К концу вторых суток Варанов перестал сопротивляться. Да и незачем было. Написал явку с повинной за двадцать минут до собственного освобождения. Истекали сорок восемь часов задержания, к следователю его почему-то не вели, да и откуда Варанову, филологу, читающему де Виньи в первоисточнике, было знать такие тонкости?
А в книге учета доставленных в МУР пометили дату – «16.06.04 г.», и в обед шестнадцатого июня, после двух суток бессонницы и голода, он оказался в Бутырской тюрьме.

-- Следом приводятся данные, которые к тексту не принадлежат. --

(* Let $\Pi$ be an indecomposable reduced crystallographic root system. Let $\gamma \in \Pi_+$, $\alpha \in \Delta$ and an integer $c > 0$ be such that $\gamma - c\alpha \in \Pi_+$. Let $\beta \in \Pi_+$ satisfy $\beta \le \gamma$, $c_\alpha(\beta) = c_\alpha(\gamma)$ and $\beta \neq \alpha$. Then $\beta - c\alpha \in \Pi_+$.
   Context: $\Delta$ denotes the simple roots and $\Pi_+$ the positive roots. For a root $\beta$, $c_\alpha(\beta)$ is the coefficient of $\alpha$ in the expansion $\beta = \sum_{\alpha\in\Delta} c_\alpha(\beta)\alpha$. $\beta\le\gamma$ iff $\gamma-\beta$ is a nonnegative integer combination of simple roots. *)

theory Defs
  imports "HOL-Analysis.Analysis"
begin

definition refl_root :: "'a::euclidean_space \<Rightarrow> 'a \<Rightarrow> 'a" where
  "refl_root \<alpha> x = x - (2 * (x \<bullet> \<alpha>) / (\<alpha> \<bullet> \<alpha>)) *\<^sub>R \<alpha>"

definition root_system :: "'a::euclidean_space set \<Rightarrow> bool" where
  "root_system \<Phi> \<longleftrightarrow> finite \<Phi> \<and> 0 \<notin> \<Phi> \<and> span \<Phi> = UNIV \<and>
     (\<forall>\<alpha>\<in>\<Phi>. refl_root \<alpha> ` \<Phi> = \<Phi>)"

definition crystallographic :: "'a::euclidean_space set \<Rightarrow> bool" where
  "crystallographic \<Phi> \<longleftrightarrow> (\<forall>\<alpha>\<in>\<Phi>. \<forall>\<beta>\<in>\<Phi>. 2 * (\<beta> \<bullet> \<alpha>) / (\<alpha> \<bullet> \<alpha>) \<in> \<int>)"

definition reduced :: "'a::euclidean_space set \<Rightarrow> bool" where
  "reduced \<Phi> \<longleftrightarrow> (\<forall>\<alpha>\<in>\<Phi>. \<forall>c::real. c *\<^sub>R \<alpha> \<in> \<Phi> \<longrightarrow> c = 1 \<or> c = -1)"

definition indecomposable :: "'a::euclidean_space set \<Rightarrow> bool" where
  "indecomposable \<Phi> \<longleftrightarrow> \<Phi> \<noteq> {} \<and>
     \<not> (\<exists>A B. A \<noteq> {} \<and> B \<noteq> {} \<and> A \<union> B = \<Phi> \<and> A \<inter> B = {} \<and>
            (\<forall>a\<in>A. \<forall>b\<in>B. a \<bullet> b = 0))"

definition nonneg_comb :: "'a::euclidean_space set \<Rightarrow> 'a \<Rightarrow> bool" where
  "nonneg_comb \<Delta> v \<longleftrightarrow> (\<exists>k::'a \<Rightarrow> nat. v = (\<Sum>\<alpha>\<in>\<Delta>. real (k \<alpha>) *\<^sub>R \<alpha>))"

definition is_base :: "'a::euclidean_space set \<Rightarrow> 'a set \<Rightarrow> bool" where
  "is_base \<Phi> \<Delta> \<longleftrightarrow> \<Delta> \<subseteq> \<Phi> \<and> independent \<Delta> \<and>
     (\<forall>\<beta>\<in>\<Phi>. nonneg_comb \<Delta> \<beta> \<or> nonneg_comb \<Delta> (- \<beta>))"

definition pos_roots :: "'a::euclidean_space set \<Rightarrow> 'a set \<Rightarrow> 'a set" where
  "pos_roots \<Phi> \<Delta> = {\<beta>\<in>\<Phi>. nonneg_comb \<Delta> \<beta>}"

definition coeff_root :: "'a::euclidean_space set \<Rightarrow> 'a \<Rightarrow> 'a \<Rightarrow> real" where
  "coeff_root \<Delta> \<alpha> \<beta> = representation \<Delta> \<beta> \<alpha>"

definition root_le :: "'a::euclidean_space set \<Rightarrow> 'a \<Rightarrow> 'a \<Rightarrow> bool" where
  "root_le \<Delta> \<beta> \<gamma> \<longleftrightarrow> nonneg_comb \<Delta> (\<gamma> - \<beta>)"

end

theory Submission
  imports Defs
begin

text \<open>
  Root strings are unbroken, so \<open>\<gamma> - k\<alpha>\<close> is a root for all \<open>0 \<le> k \<le> c\<close>. The claim is then
  proved for \<open>\<beta>\<close> by induction on the height of \<open>\<gamma> - \<beta>\<close>, a nonnegative combination of simple
  roots without \<open>\<alpha>\<close>. If it is nonzero, some simple root \<open>\<epsilon> \<noteq> \<alpha>\<close> occurring in it satisfies
  \<open>\<epsilon> \<bullet> (\<gamma> - \<beta>) > 0\<close>; hence either \<open>\<gamma> \<bullet> \<epsilon> > 0\<close> and \<open>\<gamma> - \<epsilon>\<close> is a root above \<open>\<beta>\<close>, or
  \<open>\<beta> \<bullet> \<epsilon> < 0\<close> and \<open>\<beta> + \<epsilon>\<close> is a positive root below \<open>\<gamma>\<close>. The \<open>\<alpha>\<close>-chain passes between
  \<open>w\<close> and \<open>w - \<epsilon>\<close> because, for distinct simple roots \<open>\<alpha>, \<epsilon>\<close>, roots \<open>w, w - \<alpha>, w - \<epsilon>\<close>
  force \<open>w - \<alpha> - \<epsilon>\<close> to be a root or zero.
\<close>

lemma inner_pos_cartan_integers:
  fixes x y :: "'a::real_inner"
  assumes xy: "x \<bullet> y > 0"
    and ints: "2 * (x \<bullet> y) / (y \<bullet> y) \<in> \<int>" "2 * (x \<bullet> y) / (x \<bullet> x) \<in> \<int>"
  shows "2 * (x \<bullet> y) / (y \<bullet> y) = 1 \<or> 2 * (x \<bullet> y) / (x \<bullet> x) = 1 \<or> x = y"
proof -
  define p q where "p = 2 * (x \<bullet> y) / (y \<bullet> y)" and "q = 2 * (x \<bullet> y) / (x \<bullet> x)"
  have "x \<noteq> 0" "y \<noteq> 0" using xy by auto
  then have x0: "x \<bullet> x > 0" and y0: "y \<bullet> y > 0" by auto
  have "p * q = 4 * (x \<bullet> y)\<^sup>2 / ((x \<bullet> x) * (y \<bullet> y))"
    by (simp add: p_def q_def power2_eq_square field_simps)
  also have "\<dots> \<le> 4"
    using Cauchy_Schwarz_ineq[of x y] x0 y0 by (simp add: field_simps)
  finally have pq: "p * q \<le> 4" .
  show ?thesis
  proof (cases "p = 1 \<or> q = 1")
    case False
    have "p > 0" "q > 0" using xy x0 y0 by (simp_all add: p_def q_def)
    then have "p \<ge> 2" "q \<ge> 2"
      using False ints unfolding p_def [symmetric] q_def [symmetric]
      by (auto elim!: Ints_cases)
    then have "p = 2" "q = 2"
      using pq mult_right_mono[of 2 p q] mult_left_mono[of 2 q p] by linarith+
    then have "x \<bullet> x = x \<bullet> y" "y \<bullet> y = x \<bullet> y"
      using x0 y0 by (simp_all add: p_def q_def field_simps)
    then have "(x - y) \<bullet> (x - y) = 0"
      by (simp add: inner_diff inner_commute)
    then show ?thesis by simp
  qed (auto simp: p_def q_def)
qed

lemma nat_exists_step:
  assumes "P i" "\<not> P j" "i \<le> j"
  obtains k where "i \<le> k" "k < j" "P k" "\<not> P (Suc k)"
  using dec_induct[of i j P] assms by blast

locale crystallographic_root_system =
  fixes \<Phi> :: "'a::euclidean_space set"
  assumes root_system: "root_system \<Phi>" and crystallographic: "crystallographic \<Phi>"
begin

lemma zero_notin_roots: "0 \<notin> \<Phi>"
  using root_system unfolding root_system_def by blast

lemma refl_root_in_roots: "a \<in> \<Phi> \<Longrightarrow> b \<in> \<Phi> \<Longrightarrow> refl_root a b \<in> \<Phi>"
  using root_system unfolding root_system_def by blast

lemma uminus_root: assumes "a \<in> \<Phi>" shows "- a \<in> \<Phi>"
proof -
  have "a \<bullet> a \<noteq> 0" using assms zero_notin_roots by auto
  then have "refl_root a a = - a" unfolding refl_root_def by (simp add: scaleR_2)
  then show ?thesis using refl_root_in_roots[OF assms assms] by simp
qed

А в обед четырнадцатого, за два дня до водворения Иннокентия в следственный изолятор, Иван Дмитриевич Кряжин разложил на столе три тонких стопки бумаг, скрепленных степлером и заверенных подписями и печатями.
Три заключения экспертиз лежали перед следователем, и он всерьез задумался над тем, с какого начать.
Казалось, разницы не было никакой, но описываемым событиям предшествовал случай, который заставил Кряжина серьезно задуматься над тем, чего стоит дело, ему предписанное.
Оперативники МУРа во время отъезда Ивана Дмитриевича с места происшествия, продолжали прочесывать окрестности, опрашивать граждан и высматривать в толпе хищные взгляды. И первая же находка оказалась удачной.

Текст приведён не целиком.